Blob Blame History Raw
#============================================================================
# Enca v1.19 (2016-09-05)  guess and convert encoding of text files
# Copyright (C) 2000-2003 David Necas (Yeti) <yeti@physics.muni.cz>
# Copyright (C) 2009-2016 Michal Cihar <michal@cihar.com>
#============================================================================

Frequently Asked Questions about Enca

* Q: What obscure encoding the FAQ, THANKS, and other files use?
* A: Run Enca on them and you'll see.

* Q: How do I specify input encoding?
* A: You can't.  If you know the encoding, you don't need Enca.  Use some
     fully-fledged converter.

* Q: Why Enca can't detect both language and encoding?
* A: Because this is impossible.  Well, it's possible for natural, long
     enough texts.  But Enca can detect encoding of nonsense and people
     are used to it.  No program can tell you “ěčřýáíéú” is both Czech
     and e.g. ISO-8859-2.  Incidentally, interpreting the same bytes as
     Win-1251 one gets “мишэбнйъ”, which is equally good Russian nonsense.

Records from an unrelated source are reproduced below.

(* For any irrevocable (non-wasteful) distribution policy $\varphi$, when the characteristic functions range over $V_{\ge3}$, the competitive ratio of $\varphi$ with respect to greedy players is at most $\frac{3\mathsf{min}}{\mathsf{max}}$.
   Context: Players: a finite set $N=\{a_1,\dots,a_n\}$. A characteristic function is $v:2^N\to\mathbb{R}_{\ge 0}$ with $v(\emptyset)=0$. There are fixed, known constants $0<\mathsf{min}\le\mathsf{max}$ and every $v$ considered is monotone and bounded: $\mathsf{min}\le v(S)\le v(T)\le\mathsf{max}$ for all nonempty $S\subseteq T\subseteq N$. For an integer $\delta\ge1$, $V_\delta$ denotes the set of such $v$ with $\delta\cdot\mathsf{min}\le\mathsf{max}<(\delta+1)\cdot\mathsf{min}$, and $V_{\ge3}=\bigcup_{\delta\ge3}V_\delta$. A coalition structure is a partition $C$ of $N$; its social welfare is $\mathsf{SW}(C\mid v)=\sum_{S\in C}v(S)$. Online process: an arrival order is a permutation $\pi=(\pi_1,\dots,\pi_n)$ of $N$; player $\pi_t$ arrives at time $t$. For $S\subseteq N$, $\pi_{|S}$ denotes the players of $S$ in the relative order of $\pi$; $\pi_{|S}$ is a prefix of $\pi_{|T}$ if $S\subseteq T$ and the players of $S$ are the first $|S|$ players of $\pi_{|T}$. Let $C^{t-1}$ be the coalition structure of players arrived before time $t$ ($C^0=\emptyset$). At time $t$, player $\pi_t$ either joins an existing coalition $S\in C^{t-1}$ or forms $\{\pi_t\}$ (choice $S=\emptyset$); decisions are never revised. A distribution policy $\varphi$ assigns to every $S\subseteq N$ and order $\pi_{|S}$ a vector $(\varphi_i(S,\pi_{|S}\mid v))_{i\in S}$ with $\sum_{i\in S}\varphi_i(S,\pi_{|S})=v(S)$ (non-wasteful). It is irrevocable if for every $\pi$, every $S\subseteq T\subseteq N$ with $\pi_{|S}$ a prefix of $\pi_{|T}$ and every $i\in S$, $\varphi_i(S,\pi_{|S})\le\varphi_i(T,\pi_{|T})$. Greedy players: $\pi_t$ chooses $S^*\in\arg\max_{S\in C^{t-1}\cup\{\emptyset\}}\varphi_{\pi_t}(S\cup\{\pi_t\},\pi_{|S\cup\{\pi_t\}})$ (predetermined tie-breaking). $C_g(v,\pi\mid\varphi)$ is the final structure. The competitive ratio over a class of characteristic functions is $\alpha=\inf_{v,\pi}\mathsf{SW}(C_g(v,\pi\mid\varphi))/\max_C\mathsf{SW}(C\mid v)$, over $v$ in the class (and any number of players) and all arrival orders $\pi$. *)

theory Defs
  imports Complex_Main "HOL-Library.Disjoint_Sets"
begin
(* Let $0\le q<d$ and let $X,Y$ be cubical sets in $\mathbb{R}^d$ such that the symmetric difference $X\triangle Y$ is bounded. Then there exists $\Delta_\infty\in\mathbb{Z}$ such that for every sequence of boxes $A_n=x_n+[-m_n,m_n]^d$ ($x_n\in\mathbb{Z}^d$, $m_n\in\mathbb{N}$) whose lattice point sets satisfy $\liminf_n (A_n\cap\mathbb{Z}^d)=\mathbb{Z}^d$ (i.e. every $z\in\mathbb{Z}^d$ lies in $A_n$ for all sufficiently large $n$), there exists $n_\infty\in\mathbb{N}$ such that $$\beta_q(X\cap A_n)-\beta_q(Y\cap A_n)=\Delta_\infty\quad\text{for all }n\ge n_\infty.$$
   Context: An elementary interval is $[l,l+1]$ or $[l]=[l,l]$ with $l\in\mathbb{Z}$; an elementary cube in $\mathbb{R}^d$ is a product of $d$ elementary intervals, of dimension equal to the number of nondegenerate factors. A cubical set is a (possibly infinite) union of elementary cubes; the intersection of a cubical set with a box $x+[-m,m]^d$, $x\in\mathbb{Z}^d$, is a bounded cubical set. For a cubical set $X$, $C_k(X)$ is the free $\mathbb{Z}$-module on the $k$-dimensional elementary cubes contained in $X$, with the standard cubical boundary operator $\partial\widehat Q=\sum_{j=1}^k(-1)^{j-1}(\widehat{Q_j^+}-\widehat{Q_j^-})$; $H_k(X)$ is the resulting homology, and for bounded $X$, $\beta_k(X)$ is the rank of the free part of $H_k(X)$. *)

theory Defs
  imports Complex_Main
begin

text \<open>An elementary cube in R^d is a list of d
elementary intervals; an interval is encoded as (l, b): b = True means [l, l+1]
(nondegenerate), b = False means [l] = [l,l].\<close>

type_synonym ecube = "(int \<times> bool) list"

definition cube_dim :: "ecube \<Rightarrow> nat" where
  "cube_dim Q = length (filter snd Q)"

definition realize :: "ecube \<Rightarrow> real list set" where
  "realize Q = {x. length x = length Q \<and>
     (\<forall>i<length Q. real_of_int (fst (Q!i)) \<le> x!i \<and>
                    x!i \<le> real_of_int (fst (Q!i)) + (if snd (Q!i) then 1 else 0))}"

definition cubical_set :: "nat \<Rightarrow> real list set \<Rightarrow> bool" where
  "cubical_set d X \<longleftrightarrow> (\<exists>S. (\<forall>Q\<in>S. length Q = d) \<and> X = \<Union>(realize ` S))"

definition box :: "nat \<Rightarrow> int list \<Rightarrow> nat \<Rightarrow> real list set" where
  "box d x m = {y. length y = d \<and> (\<forall>i<d. \<bar>y!i - real_of_int (x!i)\<bar> \<le> real m)}"

definition bounded_set :: "nat \<Rightarrow> real list set \<Rightarrow> bool" where
  "bounded_set d S \<longleftrightarrow> (\<exists>R. \<forall>y\<in>S. \<forall>i<d. \<bar>y!i\<bar> \<le> R)"

definition nondeg :: "ecube \<Rightarrow> nat list" where
  "nondeg Q = filter (\<lambda>i. snd (Q!i)) [0..<length Q]"

definition face_plus :: "ecube \<Rightarrow> nat \<Rightarrow> ecube" where
  "face_plus Q i = Q[i := (fst (Q!i) + 1, False)]"

definition face_minus :: "ecube \<Rightarrow> nat \<Rightarrow> ecube" where
  "face_minus Q i = Q[i := (fst (Q!i), False)]"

* Q: Why Enca can't recognise encoding of all-uppercase texts?
* A: Mostly again because there's a trade-off between nonsense detection and
     low-probability natural text detection.  But it's possible to detect
     both, I'm working on that.

* Q: Why Enca needs LC_CTYPE to be set?
* A: No, it doesn't need it.  But you need to use “-L language-code” then.
     It's possible to put it into ENCAOPT environment variable, if you want
     to make your life easier.  (Never versions of Enca try to guess your
     language from other locale settings too.)

* Q: Why “enca -x ascii” doesn't work?
* A: Unfortunately there are several different things people call “conversion
     to ASCII”.  Consider following characters: ě (Latin small letter e with
     caron) and ≫ (Much greater-than).  By conversion to ASCII you may mean:
     1a. Omitting these characters in output, because they are not
         representable in ASCII.
     1b. Keeping these characters intact in output, because they are not
         representable in ASCII.
     1c. Failing (possibly damaging the file), because they are not
         representable in ASCII
     2. Approximating them with single, close ASCII characters; in this case
        probably plain “e” and “>”.
     3. Expanding them to sequences of ASCII characters which may be less
        readable then the approximations above, but generally allow
        reconstruction of the original characters.  Such sequences could
        be e.g. RFC-1345 mnemonics “e<” and “>>”.
     What happens when you run “enca -x ascii” on something, depends on
     the converter used.

     The usual scenario is: Enca uses librecode or libiconv, which do (1),
     and you get upset.  The only tool doing (2) known to me is cstocs, and
     does it only for Latin2 characters (install cstocs and specify cstocs
     as the converter to be used, if you want (2)).  AFAIK, there's no tool
     doing reasonably (3), though recode can expand to mnemonics (use rfc1345
     as target charset instead of ascii).

* Q: Why “enca -E cstocs” doesn't work in my RedHat/Fedora?
* A: This is a cstocs problem.  Cstocs is broken for Perl ≥ 5.8 and UTF-8
     locales.  Perl Unicode handling changes with every version so an
     advanced charset converter working in mutiple Perl versions is something
     between impossible and a big mess.  Either set your locales to non-UTF-8
     (e.g. ISO-8859-2) or don't use cstocs until this is resolved somehow.